**PROBLEM:**
Copy exactly the lines of the material below that run from the one containing "(\<lambda>k \<omega>. (Ys" through the one containing "hypotheses then bound". Copy no other lines.

**WORKING DATA:**
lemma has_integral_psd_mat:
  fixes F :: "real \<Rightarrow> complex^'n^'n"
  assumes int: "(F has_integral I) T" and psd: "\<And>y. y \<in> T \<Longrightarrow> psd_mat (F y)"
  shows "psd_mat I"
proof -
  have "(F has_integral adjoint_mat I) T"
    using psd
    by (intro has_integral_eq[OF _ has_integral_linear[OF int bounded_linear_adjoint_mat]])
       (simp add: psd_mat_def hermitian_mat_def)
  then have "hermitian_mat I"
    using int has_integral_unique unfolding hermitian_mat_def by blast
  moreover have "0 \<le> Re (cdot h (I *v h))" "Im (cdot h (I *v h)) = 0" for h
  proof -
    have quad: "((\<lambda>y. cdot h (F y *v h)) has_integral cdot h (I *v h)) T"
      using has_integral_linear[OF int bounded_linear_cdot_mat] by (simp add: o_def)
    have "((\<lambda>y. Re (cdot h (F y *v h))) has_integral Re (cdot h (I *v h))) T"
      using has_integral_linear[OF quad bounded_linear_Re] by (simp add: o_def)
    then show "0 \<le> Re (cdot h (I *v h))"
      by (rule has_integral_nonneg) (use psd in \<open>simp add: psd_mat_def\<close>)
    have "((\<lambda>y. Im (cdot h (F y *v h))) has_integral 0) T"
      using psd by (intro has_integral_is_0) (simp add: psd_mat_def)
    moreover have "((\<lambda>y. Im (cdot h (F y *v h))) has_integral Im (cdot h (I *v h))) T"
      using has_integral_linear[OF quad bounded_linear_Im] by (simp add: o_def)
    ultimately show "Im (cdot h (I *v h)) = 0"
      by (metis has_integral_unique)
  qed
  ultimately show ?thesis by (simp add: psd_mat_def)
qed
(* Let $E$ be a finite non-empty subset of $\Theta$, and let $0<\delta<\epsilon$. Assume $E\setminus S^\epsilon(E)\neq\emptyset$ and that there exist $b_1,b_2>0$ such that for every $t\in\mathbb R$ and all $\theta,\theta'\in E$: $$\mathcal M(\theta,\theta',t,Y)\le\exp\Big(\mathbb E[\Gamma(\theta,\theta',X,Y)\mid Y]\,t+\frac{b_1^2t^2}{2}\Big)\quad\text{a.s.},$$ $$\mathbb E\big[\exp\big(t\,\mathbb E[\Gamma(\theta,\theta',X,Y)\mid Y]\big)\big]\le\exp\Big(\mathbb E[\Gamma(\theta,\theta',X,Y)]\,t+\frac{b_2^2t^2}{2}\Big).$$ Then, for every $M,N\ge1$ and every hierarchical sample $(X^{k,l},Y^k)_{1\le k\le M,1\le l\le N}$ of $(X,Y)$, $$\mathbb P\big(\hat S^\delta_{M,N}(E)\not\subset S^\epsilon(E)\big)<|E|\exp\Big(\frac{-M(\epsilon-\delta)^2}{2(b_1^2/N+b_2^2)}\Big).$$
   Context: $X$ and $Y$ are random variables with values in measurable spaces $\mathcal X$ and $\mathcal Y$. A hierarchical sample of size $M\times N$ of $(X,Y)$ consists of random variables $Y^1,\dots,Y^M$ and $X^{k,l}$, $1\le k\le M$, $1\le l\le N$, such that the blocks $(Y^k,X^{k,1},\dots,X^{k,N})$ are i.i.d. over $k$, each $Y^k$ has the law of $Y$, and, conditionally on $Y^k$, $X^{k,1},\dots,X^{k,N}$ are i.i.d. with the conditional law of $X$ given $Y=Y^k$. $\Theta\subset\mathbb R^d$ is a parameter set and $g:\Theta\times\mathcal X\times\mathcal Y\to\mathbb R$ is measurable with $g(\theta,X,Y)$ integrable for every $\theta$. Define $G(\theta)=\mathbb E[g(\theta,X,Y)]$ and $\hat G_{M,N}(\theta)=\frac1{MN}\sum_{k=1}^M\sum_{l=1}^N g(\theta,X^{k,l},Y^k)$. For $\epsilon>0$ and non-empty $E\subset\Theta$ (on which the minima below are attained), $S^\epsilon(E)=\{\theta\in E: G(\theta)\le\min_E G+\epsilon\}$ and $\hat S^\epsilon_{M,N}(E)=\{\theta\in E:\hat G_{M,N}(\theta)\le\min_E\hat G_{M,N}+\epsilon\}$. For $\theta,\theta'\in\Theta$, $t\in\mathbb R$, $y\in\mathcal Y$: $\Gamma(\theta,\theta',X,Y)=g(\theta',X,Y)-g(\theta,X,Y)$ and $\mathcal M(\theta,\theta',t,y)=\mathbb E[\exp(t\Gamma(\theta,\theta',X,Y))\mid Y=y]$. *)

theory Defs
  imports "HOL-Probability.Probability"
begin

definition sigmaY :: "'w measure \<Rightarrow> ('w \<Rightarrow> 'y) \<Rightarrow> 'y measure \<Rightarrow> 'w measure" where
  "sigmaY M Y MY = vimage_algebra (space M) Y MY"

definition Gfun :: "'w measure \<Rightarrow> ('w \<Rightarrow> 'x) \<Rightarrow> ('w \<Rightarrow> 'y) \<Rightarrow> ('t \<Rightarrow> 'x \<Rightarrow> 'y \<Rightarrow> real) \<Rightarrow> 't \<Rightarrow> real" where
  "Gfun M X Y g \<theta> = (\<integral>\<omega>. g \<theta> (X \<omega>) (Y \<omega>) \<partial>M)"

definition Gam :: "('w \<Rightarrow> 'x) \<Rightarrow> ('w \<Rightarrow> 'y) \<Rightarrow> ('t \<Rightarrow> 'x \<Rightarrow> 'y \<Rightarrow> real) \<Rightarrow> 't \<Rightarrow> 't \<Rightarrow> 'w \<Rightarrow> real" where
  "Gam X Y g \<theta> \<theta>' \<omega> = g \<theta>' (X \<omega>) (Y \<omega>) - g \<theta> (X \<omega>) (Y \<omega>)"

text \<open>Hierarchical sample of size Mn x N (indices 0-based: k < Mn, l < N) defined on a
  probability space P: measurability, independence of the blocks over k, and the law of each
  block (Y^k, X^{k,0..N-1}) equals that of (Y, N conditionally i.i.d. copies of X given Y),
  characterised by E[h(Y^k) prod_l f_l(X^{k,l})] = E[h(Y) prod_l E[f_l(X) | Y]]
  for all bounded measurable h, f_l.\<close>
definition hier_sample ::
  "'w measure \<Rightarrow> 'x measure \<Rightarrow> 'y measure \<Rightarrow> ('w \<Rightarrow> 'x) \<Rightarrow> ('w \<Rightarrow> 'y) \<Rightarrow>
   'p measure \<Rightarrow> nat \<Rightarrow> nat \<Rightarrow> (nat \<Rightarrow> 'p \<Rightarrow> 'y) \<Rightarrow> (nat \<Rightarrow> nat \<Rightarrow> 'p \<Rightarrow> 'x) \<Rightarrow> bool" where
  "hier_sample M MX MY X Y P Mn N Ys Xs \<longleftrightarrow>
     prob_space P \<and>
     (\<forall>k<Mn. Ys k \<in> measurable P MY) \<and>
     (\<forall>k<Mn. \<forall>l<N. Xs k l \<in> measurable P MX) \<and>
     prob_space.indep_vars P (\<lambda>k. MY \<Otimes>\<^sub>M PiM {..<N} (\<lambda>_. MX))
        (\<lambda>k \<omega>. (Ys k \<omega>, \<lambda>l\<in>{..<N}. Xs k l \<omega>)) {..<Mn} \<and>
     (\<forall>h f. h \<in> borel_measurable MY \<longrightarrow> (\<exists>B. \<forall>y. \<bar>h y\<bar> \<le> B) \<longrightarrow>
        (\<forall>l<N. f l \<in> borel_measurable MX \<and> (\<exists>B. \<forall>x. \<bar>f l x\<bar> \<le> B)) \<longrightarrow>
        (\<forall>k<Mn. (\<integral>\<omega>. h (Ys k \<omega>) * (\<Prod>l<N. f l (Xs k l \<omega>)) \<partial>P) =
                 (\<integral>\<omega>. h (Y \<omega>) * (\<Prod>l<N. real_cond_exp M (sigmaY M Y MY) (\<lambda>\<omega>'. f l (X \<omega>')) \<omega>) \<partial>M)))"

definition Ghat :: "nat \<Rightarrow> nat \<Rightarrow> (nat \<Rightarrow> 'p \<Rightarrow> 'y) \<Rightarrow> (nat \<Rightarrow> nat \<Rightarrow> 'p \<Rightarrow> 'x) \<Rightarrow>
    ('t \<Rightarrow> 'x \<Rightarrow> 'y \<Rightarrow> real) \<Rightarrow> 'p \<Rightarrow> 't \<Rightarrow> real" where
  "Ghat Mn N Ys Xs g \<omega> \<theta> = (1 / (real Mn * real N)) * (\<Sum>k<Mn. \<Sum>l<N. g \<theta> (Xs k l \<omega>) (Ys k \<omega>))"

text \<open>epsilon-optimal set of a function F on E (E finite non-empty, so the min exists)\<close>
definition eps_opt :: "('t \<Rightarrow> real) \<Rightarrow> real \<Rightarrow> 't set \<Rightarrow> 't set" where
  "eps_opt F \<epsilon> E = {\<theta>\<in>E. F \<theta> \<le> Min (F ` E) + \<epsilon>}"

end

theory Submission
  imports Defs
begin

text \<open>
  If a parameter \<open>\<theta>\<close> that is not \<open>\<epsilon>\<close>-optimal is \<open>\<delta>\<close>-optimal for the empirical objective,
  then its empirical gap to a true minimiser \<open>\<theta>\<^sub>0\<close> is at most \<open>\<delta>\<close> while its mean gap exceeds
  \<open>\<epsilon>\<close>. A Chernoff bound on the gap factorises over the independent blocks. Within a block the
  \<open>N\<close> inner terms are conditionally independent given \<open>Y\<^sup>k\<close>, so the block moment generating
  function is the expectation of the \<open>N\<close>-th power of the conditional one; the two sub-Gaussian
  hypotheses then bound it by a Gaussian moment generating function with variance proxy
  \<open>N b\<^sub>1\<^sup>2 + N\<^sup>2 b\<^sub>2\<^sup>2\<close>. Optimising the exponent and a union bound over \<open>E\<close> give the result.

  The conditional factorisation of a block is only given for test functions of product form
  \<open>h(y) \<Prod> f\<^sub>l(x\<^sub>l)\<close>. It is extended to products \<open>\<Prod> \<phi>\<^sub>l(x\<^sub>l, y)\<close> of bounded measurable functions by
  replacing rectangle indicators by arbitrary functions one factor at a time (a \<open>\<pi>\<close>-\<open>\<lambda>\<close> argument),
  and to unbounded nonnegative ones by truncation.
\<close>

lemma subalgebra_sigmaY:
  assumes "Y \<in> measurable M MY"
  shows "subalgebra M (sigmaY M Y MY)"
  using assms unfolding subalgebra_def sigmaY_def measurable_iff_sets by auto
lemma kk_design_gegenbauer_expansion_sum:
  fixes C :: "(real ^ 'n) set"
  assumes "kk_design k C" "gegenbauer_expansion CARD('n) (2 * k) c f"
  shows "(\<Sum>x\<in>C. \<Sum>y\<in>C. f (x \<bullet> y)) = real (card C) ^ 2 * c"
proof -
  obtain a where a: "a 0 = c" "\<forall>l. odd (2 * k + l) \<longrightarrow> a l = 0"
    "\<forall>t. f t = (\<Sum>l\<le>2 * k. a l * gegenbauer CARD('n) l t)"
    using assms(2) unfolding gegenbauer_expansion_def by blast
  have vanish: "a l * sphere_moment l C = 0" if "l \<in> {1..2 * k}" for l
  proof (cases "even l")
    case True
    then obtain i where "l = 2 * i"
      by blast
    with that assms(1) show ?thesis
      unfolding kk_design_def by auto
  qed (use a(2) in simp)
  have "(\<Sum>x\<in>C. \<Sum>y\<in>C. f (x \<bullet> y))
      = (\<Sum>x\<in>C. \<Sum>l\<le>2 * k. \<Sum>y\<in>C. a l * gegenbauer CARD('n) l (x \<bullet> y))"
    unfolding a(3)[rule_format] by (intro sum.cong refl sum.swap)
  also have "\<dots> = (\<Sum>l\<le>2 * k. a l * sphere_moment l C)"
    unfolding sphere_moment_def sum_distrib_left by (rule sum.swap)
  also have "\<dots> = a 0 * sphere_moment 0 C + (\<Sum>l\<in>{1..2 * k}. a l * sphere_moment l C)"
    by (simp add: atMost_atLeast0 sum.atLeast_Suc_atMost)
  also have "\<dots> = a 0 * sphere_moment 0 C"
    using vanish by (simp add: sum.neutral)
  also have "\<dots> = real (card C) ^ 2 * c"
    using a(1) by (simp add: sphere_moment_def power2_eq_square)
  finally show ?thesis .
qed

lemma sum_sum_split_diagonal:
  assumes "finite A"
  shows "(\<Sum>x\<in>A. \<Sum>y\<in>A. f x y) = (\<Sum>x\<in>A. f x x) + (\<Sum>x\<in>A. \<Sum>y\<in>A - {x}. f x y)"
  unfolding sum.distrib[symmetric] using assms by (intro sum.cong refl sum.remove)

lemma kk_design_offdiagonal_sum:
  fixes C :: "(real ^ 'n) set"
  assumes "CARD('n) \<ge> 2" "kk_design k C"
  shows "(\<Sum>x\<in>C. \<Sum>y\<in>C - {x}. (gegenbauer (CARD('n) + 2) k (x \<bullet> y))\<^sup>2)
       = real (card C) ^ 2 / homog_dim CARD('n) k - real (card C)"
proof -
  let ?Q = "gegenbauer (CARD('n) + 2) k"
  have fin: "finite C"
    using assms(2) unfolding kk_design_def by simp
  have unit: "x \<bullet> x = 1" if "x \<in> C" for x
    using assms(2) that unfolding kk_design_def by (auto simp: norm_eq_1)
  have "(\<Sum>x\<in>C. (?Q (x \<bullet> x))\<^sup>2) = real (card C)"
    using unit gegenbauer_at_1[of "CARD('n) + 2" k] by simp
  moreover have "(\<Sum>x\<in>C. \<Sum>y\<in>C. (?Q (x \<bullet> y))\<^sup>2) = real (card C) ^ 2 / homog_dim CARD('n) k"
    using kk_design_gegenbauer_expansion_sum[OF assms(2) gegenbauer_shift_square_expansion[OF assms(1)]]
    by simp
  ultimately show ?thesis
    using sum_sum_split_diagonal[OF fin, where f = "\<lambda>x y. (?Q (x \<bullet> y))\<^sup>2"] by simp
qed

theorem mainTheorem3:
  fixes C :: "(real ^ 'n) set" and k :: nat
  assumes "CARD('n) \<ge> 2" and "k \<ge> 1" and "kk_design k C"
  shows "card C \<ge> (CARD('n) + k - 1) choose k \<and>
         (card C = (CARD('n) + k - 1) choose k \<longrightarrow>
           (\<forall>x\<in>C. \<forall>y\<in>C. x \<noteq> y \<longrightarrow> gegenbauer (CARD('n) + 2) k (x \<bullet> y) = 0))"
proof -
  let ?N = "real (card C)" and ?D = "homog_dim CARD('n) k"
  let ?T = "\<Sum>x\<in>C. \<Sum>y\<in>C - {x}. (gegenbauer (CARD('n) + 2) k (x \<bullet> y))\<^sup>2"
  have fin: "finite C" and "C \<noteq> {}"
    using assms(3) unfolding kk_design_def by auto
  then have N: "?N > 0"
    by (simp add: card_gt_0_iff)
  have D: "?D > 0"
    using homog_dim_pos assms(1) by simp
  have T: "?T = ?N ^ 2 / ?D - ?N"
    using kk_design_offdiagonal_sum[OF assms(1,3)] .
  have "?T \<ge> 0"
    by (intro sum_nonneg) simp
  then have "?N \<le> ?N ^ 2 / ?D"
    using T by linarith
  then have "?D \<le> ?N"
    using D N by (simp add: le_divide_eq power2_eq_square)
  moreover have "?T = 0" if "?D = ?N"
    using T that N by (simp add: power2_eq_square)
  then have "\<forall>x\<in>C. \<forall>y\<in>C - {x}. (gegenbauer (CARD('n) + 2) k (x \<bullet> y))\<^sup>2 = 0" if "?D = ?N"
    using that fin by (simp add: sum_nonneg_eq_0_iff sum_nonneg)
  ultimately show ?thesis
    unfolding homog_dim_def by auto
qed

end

**SOLUTION:**
        (\<lambda>k \<omega>. (Ys k \<omega>, \<lambda>l\<in>{..<N}. Xs k l \<omega>)) {..<Mn} \<and>
     (\<forall>h f. h \<in> borel_measurable MY \<longrightarrow> (\<exists>B. \<forall>y. \<bar>h y\<bar> \<le> B) \<longrightarrow>
        (\<forall>l<N. f l \<in> borel_measurable MX \<and> (\<exists>B. \<forall>x. \<bar>f l x\<bar> \<le> B)) \<longrightarrow>
        (\<forall>k<Mn. (\<integral>\<omega>. h (Ys k \<omega>) * (\<Prod>l<N. f l (Xs k l \<omega>)) \<partial>P) =
                 (\<integral>\<omega>. h (Y \<omega>) * (\<Prod>l<N. real_cond_exp M (sigmaY M Y MY) (\<lambda>\<omega>'. f l (X \<omega>')) \<omega>) \<partial>M)))"

definition Ghat :: "nat \<Rightarrow> nat \<Rightarrow> (nat \<Rightarrow> 'p \<Rightarrow> 'y) \<Rightarrow> (nat \<Rightarrow> nat \<Rightarrow> 'p \<Rightarrow> 'x) \<Rightarrow>
    ('t \<Rightarrow> 'x \<Rightarrow> 'y \<Rightarrow> real) \<Rightarrow> 'p \<Rightarrow> 't \<Rightarrow> real" where
  "Ghat Mn N Ys Xs g \<omega> \<theta> = (1 / (real Mn * real N)) * (\<Sum>k<Mn. \<Sum>l<N. g \<theta> (Xs k l \<omega>) (Ys k \<omega>))"

text \<open>epsilon-optimal set of a function F on E (E finite non-empty, so the min exists)\<close>
definition eps_opt :: "('t \<Rightarrow> real) \<Rightarrow> real \<Rightarrow> 't set \<Rightarrow> 't set" where
  "eps_opt F \<epsilon> E = {\<theta>\<in>E. F \<theta> \<le> Min (F ` E) + \<epsilon>}"

end

theory Submission
  imports Defs
begin

text \<open>
  If a parameter \<open>\<theta>\<close> that is not \<open>\<epsilon>\<close>-optimal is \<open>\<delta>\<close>-optimal for the empirical objective,
  then its empirical gap to a true minimiser \<open>\<theta>\<^sub>0\<close> is at most \<open>\<delta>\<close> while its mean gap exceeds
  \<open>\<epsilon>\<close>. A Chernoff bound on the gap factorises over the independent blocks. Within a block the
  \<open>N\<close> inner terms are conditionally independent given \<open>Y\<^sup>k\<close>, so the block moment generating
  function is the expectation of the \<open>N\<close>-th power of the conditional one; the two sub-Gaussian
  hypotheses then bound it by a Gaussian moment generating function with variance proxy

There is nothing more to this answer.